» Task requirements: Restate word for word the lines of the material below, from the line with "(deg E v))\<^sup>2))" to the line with "a set L of new", both lines included, and no others.

» Source data:
-=-=-=-=-
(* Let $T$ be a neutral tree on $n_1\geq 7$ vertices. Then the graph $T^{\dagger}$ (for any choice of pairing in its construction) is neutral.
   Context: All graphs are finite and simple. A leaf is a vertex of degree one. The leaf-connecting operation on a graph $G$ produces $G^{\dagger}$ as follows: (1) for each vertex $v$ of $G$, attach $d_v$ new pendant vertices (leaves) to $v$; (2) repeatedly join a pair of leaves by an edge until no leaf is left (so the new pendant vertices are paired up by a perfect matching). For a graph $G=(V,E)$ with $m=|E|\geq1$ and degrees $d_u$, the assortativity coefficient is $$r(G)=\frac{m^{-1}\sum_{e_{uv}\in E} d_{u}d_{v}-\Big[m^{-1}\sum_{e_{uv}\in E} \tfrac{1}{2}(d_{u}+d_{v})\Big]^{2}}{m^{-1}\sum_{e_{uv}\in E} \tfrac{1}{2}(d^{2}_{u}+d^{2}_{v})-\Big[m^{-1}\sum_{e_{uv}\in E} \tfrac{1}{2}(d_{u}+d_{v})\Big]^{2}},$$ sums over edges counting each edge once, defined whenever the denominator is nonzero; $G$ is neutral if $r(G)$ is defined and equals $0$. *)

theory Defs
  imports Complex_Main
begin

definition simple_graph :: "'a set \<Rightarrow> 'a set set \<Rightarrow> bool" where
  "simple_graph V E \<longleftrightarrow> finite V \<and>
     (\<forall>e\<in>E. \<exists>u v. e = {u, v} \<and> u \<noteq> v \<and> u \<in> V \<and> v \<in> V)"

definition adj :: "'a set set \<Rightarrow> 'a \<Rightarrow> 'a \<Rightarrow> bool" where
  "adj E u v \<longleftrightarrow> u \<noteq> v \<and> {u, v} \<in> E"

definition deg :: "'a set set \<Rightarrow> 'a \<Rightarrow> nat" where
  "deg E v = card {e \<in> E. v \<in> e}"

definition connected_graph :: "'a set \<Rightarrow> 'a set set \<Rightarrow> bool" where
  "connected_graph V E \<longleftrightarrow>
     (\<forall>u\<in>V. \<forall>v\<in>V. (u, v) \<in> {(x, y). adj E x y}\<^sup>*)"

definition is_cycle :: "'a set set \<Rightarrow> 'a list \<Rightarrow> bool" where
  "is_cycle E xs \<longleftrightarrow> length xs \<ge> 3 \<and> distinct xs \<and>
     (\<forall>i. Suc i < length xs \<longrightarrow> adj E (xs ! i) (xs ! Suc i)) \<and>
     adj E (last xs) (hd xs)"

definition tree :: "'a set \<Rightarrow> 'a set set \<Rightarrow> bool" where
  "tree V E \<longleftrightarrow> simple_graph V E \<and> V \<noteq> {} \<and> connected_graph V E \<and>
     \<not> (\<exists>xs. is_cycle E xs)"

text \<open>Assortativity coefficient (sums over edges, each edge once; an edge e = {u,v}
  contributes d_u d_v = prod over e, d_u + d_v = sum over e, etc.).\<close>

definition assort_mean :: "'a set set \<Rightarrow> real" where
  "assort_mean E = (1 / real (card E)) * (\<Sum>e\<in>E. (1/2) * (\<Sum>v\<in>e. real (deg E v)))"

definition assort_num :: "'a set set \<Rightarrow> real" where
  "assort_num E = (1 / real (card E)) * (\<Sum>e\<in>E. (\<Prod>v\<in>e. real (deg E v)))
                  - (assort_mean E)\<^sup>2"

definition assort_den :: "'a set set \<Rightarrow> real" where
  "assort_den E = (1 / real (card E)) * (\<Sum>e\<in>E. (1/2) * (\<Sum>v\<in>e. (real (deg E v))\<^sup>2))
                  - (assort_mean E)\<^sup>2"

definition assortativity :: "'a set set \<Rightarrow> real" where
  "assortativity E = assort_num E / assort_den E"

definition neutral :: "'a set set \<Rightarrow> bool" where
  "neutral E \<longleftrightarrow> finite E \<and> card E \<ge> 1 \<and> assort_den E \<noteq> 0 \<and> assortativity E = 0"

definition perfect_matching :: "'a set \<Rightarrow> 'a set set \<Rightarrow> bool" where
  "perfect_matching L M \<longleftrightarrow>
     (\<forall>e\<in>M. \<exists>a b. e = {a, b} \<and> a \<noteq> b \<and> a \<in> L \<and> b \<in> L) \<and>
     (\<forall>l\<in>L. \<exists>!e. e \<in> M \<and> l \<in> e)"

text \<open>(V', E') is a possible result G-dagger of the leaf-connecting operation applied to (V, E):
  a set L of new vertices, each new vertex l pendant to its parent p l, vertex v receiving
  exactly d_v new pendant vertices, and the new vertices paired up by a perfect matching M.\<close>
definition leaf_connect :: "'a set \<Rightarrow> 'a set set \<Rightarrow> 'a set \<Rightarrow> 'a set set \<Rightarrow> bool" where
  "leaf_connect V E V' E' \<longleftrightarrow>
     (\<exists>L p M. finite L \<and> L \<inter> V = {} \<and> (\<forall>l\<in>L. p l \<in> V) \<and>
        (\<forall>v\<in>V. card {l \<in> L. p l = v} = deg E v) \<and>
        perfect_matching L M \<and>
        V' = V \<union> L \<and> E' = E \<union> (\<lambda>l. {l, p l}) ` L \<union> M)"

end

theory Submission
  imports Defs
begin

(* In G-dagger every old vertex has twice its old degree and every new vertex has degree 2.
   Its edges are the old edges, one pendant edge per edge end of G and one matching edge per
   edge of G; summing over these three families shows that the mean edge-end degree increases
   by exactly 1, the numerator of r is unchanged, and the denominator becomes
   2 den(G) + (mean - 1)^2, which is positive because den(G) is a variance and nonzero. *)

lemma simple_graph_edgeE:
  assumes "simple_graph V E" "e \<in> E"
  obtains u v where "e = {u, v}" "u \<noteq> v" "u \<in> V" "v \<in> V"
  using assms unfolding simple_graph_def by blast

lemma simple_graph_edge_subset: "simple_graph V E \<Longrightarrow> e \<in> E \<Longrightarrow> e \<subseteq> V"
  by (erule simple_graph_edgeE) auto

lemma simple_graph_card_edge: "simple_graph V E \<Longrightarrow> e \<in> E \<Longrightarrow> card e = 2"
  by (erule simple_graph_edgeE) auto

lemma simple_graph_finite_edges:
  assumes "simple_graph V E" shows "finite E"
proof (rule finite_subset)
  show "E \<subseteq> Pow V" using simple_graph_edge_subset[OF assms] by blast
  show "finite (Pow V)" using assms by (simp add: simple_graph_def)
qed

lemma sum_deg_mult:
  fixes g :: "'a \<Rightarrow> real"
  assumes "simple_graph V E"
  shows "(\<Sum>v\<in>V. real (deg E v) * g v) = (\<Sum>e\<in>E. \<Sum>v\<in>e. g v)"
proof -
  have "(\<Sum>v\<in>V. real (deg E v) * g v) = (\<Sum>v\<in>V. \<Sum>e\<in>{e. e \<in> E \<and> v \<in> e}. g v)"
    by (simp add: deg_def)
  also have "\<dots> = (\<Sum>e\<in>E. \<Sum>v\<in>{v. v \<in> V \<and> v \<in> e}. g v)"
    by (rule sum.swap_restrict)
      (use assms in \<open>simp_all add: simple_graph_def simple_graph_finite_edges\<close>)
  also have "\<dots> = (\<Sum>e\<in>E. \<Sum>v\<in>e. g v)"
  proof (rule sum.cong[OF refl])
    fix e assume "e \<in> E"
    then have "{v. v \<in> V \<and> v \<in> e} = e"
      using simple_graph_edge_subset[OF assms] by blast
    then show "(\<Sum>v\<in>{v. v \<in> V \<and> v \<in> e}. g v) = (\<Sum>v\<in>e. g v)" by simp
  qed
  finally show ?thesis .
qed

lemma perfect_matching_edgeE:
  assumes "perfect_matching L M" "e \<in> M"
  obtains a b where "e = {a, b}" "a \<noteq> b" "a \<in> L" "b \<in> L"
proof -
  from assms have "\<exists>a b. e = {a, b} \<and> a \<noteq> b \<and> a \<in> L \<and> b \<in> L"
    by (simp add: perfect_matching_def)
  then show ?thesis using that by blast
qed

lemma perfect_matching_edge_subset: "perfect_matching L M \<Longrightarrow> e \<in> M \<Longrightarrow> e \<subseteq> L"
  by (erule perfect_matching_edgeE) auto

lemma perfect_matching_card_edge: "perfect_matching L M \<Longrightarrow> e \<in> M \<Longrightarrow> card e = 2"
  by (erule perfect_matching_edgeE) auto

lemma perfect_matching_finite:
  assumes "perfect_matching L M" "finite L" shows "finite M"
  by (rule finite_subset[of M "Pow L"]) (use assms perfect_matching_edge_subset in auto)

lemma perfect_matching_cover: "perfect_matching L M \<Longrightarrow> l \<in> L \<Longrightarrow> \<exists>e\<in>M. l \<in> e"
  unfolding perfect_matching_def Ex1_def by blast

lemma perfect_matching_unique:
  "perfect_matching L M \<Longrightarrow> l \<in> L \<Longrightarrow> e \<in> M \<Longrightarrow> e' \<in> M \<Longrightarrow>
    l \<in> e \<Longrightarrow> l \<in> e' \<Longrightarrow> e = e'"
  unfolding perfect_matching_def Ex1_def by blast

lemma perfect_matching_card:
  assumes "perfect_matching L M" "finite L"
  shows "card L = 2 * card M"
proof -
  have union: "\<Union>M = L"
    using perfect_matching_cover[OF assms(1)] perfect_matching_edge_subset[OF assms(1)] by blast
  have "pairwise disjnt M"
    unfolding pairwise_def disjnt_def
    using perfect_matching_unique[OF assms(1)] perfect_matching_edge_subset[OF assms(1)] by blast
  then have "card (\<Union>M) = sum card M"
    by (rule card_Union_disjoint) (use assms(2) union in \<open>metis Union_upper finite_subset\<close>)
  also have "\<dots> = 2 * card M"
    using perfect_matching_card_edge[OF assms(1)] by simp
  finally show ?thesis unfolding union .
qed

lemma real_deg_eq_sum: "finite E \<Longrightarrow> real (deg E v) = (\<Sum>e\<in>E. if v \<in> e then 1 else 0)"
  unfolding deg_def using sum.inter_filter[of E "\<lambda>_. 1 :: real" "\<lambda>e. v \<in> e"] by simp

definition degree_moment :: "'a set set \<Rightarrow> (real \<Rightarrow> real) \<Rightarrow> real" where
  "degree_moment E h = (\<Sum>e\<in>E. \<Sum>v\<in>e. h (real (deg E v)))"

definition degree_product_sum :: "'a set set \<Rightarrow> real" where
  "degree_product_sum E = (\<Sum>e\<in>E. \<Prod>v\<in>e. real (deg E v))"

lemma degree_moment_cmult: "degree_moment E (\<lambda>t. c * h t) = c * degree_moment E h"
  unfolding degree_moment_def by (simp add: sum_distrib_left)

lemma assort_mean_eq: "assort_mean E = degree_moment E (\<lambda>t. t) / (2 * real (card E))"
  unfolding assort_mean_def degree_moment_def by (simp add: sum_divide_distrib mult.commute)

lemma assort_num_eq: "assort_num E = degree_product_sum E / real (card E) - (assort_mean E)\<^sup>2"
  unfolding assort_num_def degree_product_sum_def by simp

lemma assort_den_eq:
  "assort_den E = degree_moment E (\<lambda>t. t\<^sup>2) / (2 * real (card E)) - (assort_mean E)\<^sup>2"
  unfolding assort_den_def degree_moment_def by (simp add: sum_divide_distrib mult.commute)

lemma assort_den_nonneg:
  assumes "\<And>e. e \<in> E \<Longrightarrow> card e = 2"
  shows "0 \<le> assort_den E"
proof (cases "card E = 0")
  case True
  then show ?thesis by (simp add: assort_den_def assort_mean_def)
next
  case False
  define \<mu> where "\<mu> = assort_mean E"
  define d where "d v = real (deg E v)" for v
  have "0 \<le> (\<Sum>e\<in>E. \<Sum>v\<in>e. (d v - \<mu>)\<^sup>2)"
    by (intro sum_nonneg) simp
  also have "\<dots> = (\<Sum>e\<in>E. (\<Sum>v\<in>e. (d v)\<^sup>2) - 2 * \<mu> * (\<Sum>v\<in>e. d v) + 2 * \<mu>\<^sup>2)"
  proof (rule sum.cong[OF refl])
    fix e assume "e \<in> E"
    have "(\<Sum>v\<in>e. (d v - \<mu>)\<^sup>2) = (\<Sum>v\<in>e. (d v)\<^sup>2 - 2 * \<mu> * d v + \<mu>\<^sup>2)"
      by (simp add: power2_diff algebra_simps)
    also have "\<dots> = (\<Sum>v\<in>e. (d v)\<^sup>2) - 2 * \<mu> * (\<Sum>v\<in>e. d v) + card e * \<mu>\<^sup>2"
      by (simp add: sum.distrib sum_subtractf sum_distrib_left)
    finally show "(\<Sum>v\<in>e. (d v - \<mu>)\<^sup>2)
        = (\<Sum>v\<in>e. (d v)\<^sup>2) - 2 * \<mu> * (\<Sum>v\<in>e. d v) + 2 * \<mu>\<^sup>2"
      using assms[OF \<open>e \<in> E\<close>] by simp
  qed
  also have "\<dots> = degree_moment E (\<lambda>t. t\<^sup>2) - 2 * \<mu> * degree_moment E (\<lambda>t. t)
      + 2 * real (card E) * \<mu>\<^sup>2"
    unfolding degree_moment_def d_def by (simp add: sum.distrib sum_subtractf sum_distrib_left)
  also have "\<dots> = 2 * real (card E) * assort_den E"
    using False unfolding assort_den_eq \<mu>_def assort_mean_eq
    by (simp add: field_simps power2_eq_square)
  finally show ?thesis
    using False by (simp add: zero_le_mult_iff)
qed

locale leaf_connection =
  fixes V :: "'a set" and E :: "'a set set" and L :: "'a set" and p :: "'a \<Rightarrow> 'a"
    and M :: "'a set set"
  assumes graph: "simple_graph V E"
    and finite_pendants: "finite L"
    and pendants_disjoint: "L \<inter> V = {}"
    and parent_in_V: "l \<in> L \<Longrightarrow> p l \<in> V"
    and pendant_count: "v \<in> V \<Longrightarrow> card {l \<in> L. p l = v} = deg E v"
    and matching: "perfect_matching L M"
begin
-=-=-=-=-
» Response:
  "assort_den E = (1 / real (card E)) * (\<Sum>e\<in>E. (1/2) * (\<Sum>v\<in>e. (real (deg E v))\<^sup>2))
                  - (assort_mean E)\<^sup>2"

definition assortativity :: "'a set set \<Rightarrow> real" where
  "assortativity E = assort_num E / assort_den E"

definition neutral :: "'a set set \<Rightarrow> bool" where
  "neutral E \<longleftrightarrow> finite E \<and> card E \<ge> 1 \<and> assort_den E \<noteq> 0 \<and> assortativity E = 0"

definition perfect_matching :: "'a set \<Rightarrow> 'a set set \<Rightarrow> bool" where
  "perfect_matching L M \<longleftrightarrow>
     (\<forall>e\<in>M. \<exists>a b. e = {a, b} \<and> a \<noteq> b \<and> a \<in> L \<and> b \<in> L) \<and>
     (\<forall>l\<in>L. \<exists>!e. e \<in> M \<and> l \<in> e)"

text \<open>(V', E') is a possible result G-dagger of the leaf-connecting operation applied to (V, E):
  a set L of new vertices, each new vertex l pendant to its parent p l, vertex v receiving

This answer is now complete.